How to count string occurrence in string?

javascript

regex

performance

best-practices

byNikita Barsukov·Dec 24, 2024

const countOccurrences = (text, search) => (text.match(new RegExp(search, 'g')) || []).length;
console.log(countOccurrences('apple banana apple', 'apple'));  // Output: 2

Easily count search occurrences in text employing countOccurrences. By using RegExp with the 'g' flag the function executes a global search pattern. When nothing is found, it returns 0, thanks to the || operator; otherwise, array length from .match() signifies the count.

Breaking down the match method and regex flags

The JavaScript .match() method, when teamed with regular expressions, is a power-tool to find pattern iterations in text data. The search is initially case-sensitive, which helps keep an accurate count, a must-have when dealing with case-significant data.

However, keep in mind if .match() finds no matches, it returns a null. To avoid potential errors when trying to return the length of null, we resort to the logical || operator leading to an end result of 0.

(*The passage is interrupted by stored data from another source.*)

definition fx_mul_nonneg :: "fx_ivl \<Rightarrow> fx_ivl \<Rightarrow> fx_ivl" where
  "fx_mul_nonneg X Y =
    (fx_down (if 0 \<le> fst X then fst X * fst Y else fst X * snd Y),
     fx_up (if 0 \<le> snd X then snd X * snd Y else snd X * fst Y))"

text \<open>Dispatching on signs needs two integer products in the common cases instead of four,
  which makes the certificate check below markedly faster.\<close>

definition fx_mul :: "fx_ivl \<Rightarrow> fx_ivl \<Rightarrow> fx_ivl" where
  "fx_mul X Y =
    (if 0 \<le> fst Y then fx_mul_nonneg X Y
     else if 0 \<le> fst X then fx_mul_nonneg Y X
     else if snd Y \<le> 0 then fx_neg (fx_mul_nonneg X (fx_neg Y))
     else fx_hull (fx_neg (fx_mul_nonneg X (0, - fst Y))) (fx_mul_nonneg X (0, snd Y)))"

definition fx_cadd :: "fx_cbox \<Rightarrow> fx_cbox \<Rightarrow> fx_cbox" where
  "fx_cadd Z U = (fx_add (fst Z) (fst U), fx_add (snd Z) (snd U))"

definition fx_cmul :: "fx_cbox \<Rightarrow> fx_cbox \<Rightarrow> fx_cbox" where
  "fx_cmul Z U =
    (fx_add (fx_mul (fst Z) (fst U)) (fx_neg (fx_mul (snd Z) (snd U))),
     fx_add (fx_mul (fst Z) (snd U)) (fx_mul (snd Z) (fst U)))"

definition fx_cscale :: "fx_ivl \<Rightarrow> fx_cbox \<Rightarrow> fx_cbox" where
  "fx_cscale R Z = (fx_mul R (fst Z), fx_mul R (snd Z))"

definition fx_cscale_int :: "int \<Rightarrow> fx_cbox \<Rightarrow> fx_cbox" where
  "fx_cscale_int k Z = ((k * fst (fst Z), k * snd (fst Z)), (k * fst (snd Z), k * snd (snd Z)))"

lemma fx_real_down_mult_le: "fx_real (fx_down (a * b)) \<le> fx_real a * fx_real b"
proof -
  have "real_of_int (a * b div 16384) = of_int \<lfloor>real_of_int (a * b) / real_of_int 16384\<rfloor>"
    by (simp only: floor_divide_of_int_eq)
  also have "\<dots> \<le> real_of_int (a * b) / real_of_int 16384"
    by (rule of_int_floor_le)
  finally show ?thesis
    by (simp add: fx_real_def fx_down_def field_simps)
qed

lemma fx_real_up_mult_ge: "fx_real a * fx_real b \<le> fx_real (fx_up (a * b))"
  using fx_real_down_mult_le[of "- a" b] by (simp add: fx_real_def fx_up_def fx_down_def)

lemma fx_in_point: "fx_in (fx_real a) (a, a)"
  by (simp add: fx_in_def)

lemma fx_in_add: "fx_in x X \<Longrightarrow> fx_in y Y \<Longrightarrow> fx_in (x + y) (fx_add X Y)"
  by (simp add: fx_in_def fx_add_def fx_real_def add_divide_distrib)

lemma fx_in_neg: "fx_in x X \<Longrightarrow> fx_in (- x) (fx_neg X)"
  by (auto simp: fx_in_def fx_neg_def fx_real_def)

lemma fx_in_hull: "fx_in x X \<or> fx_in x Y \<Longrightarrow> fx_in x (fx_hull X Y)"
  by (auto simp: fx_in_def fx_hull_def fx_real_def min_def max_def)
theorem mainTheorem10:
  fixes J :: "'a set" and t p :: "'a \<Rightarrow> real" and \<mu> \<nu> :: real and i j k s :: 'a
  assumes "finite J"
    and "\<forall>x\<in>J. t x \<ge> 0 \<and> p x \<ge> 0"
    and "general_position J t p"
    and "\<mu> > 1" and "0 < \<nu>" and "\<nu> < 1" and "\<mu> * \<nu> > 1"
    and "1 + 1 / \<mu> \<le> \<nu> + \<nu>\<^sup>2"
    and "i \<in> J" "j \<in> J" "k \<in> J" "s \<in> J"
    and "distinct [i, j, k, s]"
    and "red_pair \<mu> \<nu> t p i k" "red_pair \<mu> \<nu> t p j k"
    and "red_pair \<mu> \<nu> t p s i" "red_pair \<mu> \<nu> t p s j"
  shows "DD J t p i j \<le> (1 + 1 / (\<nu> * (\<mu> + 1))) * Dstar t p i j"
proof -
  define M where "M = max (t s) (p s)"
  have gp: "t i \<noteq> p i" "t j \<noteq> p j" "p i \<noteq> p j"
    using assms(3,9,10,13) unfolding general_position_def by auto
  have window: "t i \<le> M" "\<nu> * M \<le> t i" "t j \<le> M" "\<nu> * M \<le> t j"
    using assms(16,17) unfolding red_pair_def M_def by auto
  have nonneg: "t i \<ge> 0" "t j \<ge> 0" using assms(2,9,10) by auto
  have "imbalanced \<mu> t p i" "imbalanced \<mu> t p j"
    using assms(14,15) unfolding red_pair_def by auto
  then have i_dom: "t i < p i" "\<mu> * t i \<le> p i" and j_dom: "t j < p j" "\<mu> * t j \<le> p j"
    using imbalanced_red_target_Proc_dominant[OF _ assms(16) nonneg(1) gp(1) assms(4,7)]
      imbalanced_red_target_Proc_dominant[OF _ assms(17) nonneg(2) gp(2) assms(4,7)]
    by auto
  show ?thesis
  proof (cases "p i < p j")
    case True
    from DD_red_targets_le[OF assms(1,2,9,10,4,5) window(1,3,2,4)
        i_dom j_dom(2) True]
    show ?thesis .
  next
    case False
    then have "p j < p i" using gp(3) by simp
    from DD_red_targets_le[OF assms(1,2,10,9,4,5) window(3,1,4,2)
        j_dom i_dom(2) this]
    show ?thesis by (simp add: DD_commute Dstar_commute)
  qed
qed

end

const caseSensitiveCount = (text, search) => {
  // It's a match! Or it's a null... 
  const matches = text.match(new RegExp(search, 'g'));
  return matches ? matches.length : 0;
};

Alternative: counting using split

If you prefer steering clear from .match(), consider the .split() method. Here, you're breaking down the original string into an array at each instance of the substring. Subtract one from the length of this array, and you get the occurrence count.

const countWithSplit = (text, search) => {
  // Divide and conquer! Unless the divisor is an empty string, then we've got problems...
  if (!search.length) return text.length ? text.length - 1 : 0;
  return text.split(search).length - 1;
};

Please note, .split() may not behave as you expect when search is an empty string. Instead of splitting at every character, it gives you an array of the entire string, leading to a potential off-by-one error.

Handling overlapping substrings

Traditional regex searching runs into trouble when dealing with overlapping substrings - no match is currently being made at the overlapping point. To solve it, we have rolled up our sleeves and manually iterate over the text.

const countOverlapping = (text, search) => {
  // They see me loopin', they waitin'...
  // To avoid infinite loops, we're stepping over the text like we just don't care
  let count = 0, position = 0, step = search.length > 0 ? search.length : 1;
  while ((position = text.indexOf(search, position)) !== -1) {
    count++;
    position += step; 
  }
  return count;
};

The function shown here even handles zero-length search strings, dutifully avoiding infinite loops and ensuring correctness all the way.

Keep an eye on performance

Saving the search string's length can work wonders for performances. Especially when dealing with monstrous amounts of text, holding onto this number avoids length recalculations on every loop.

Performance tests indicate that some methods outpace regex-based matching:

Leveraging .indexOf() in a loop for non-regex patterns is a winner.
Caching lengths for text and search can run circles around uncached versions.
Using the split() method sparingly - overuse could lead to performance bumps on large strings.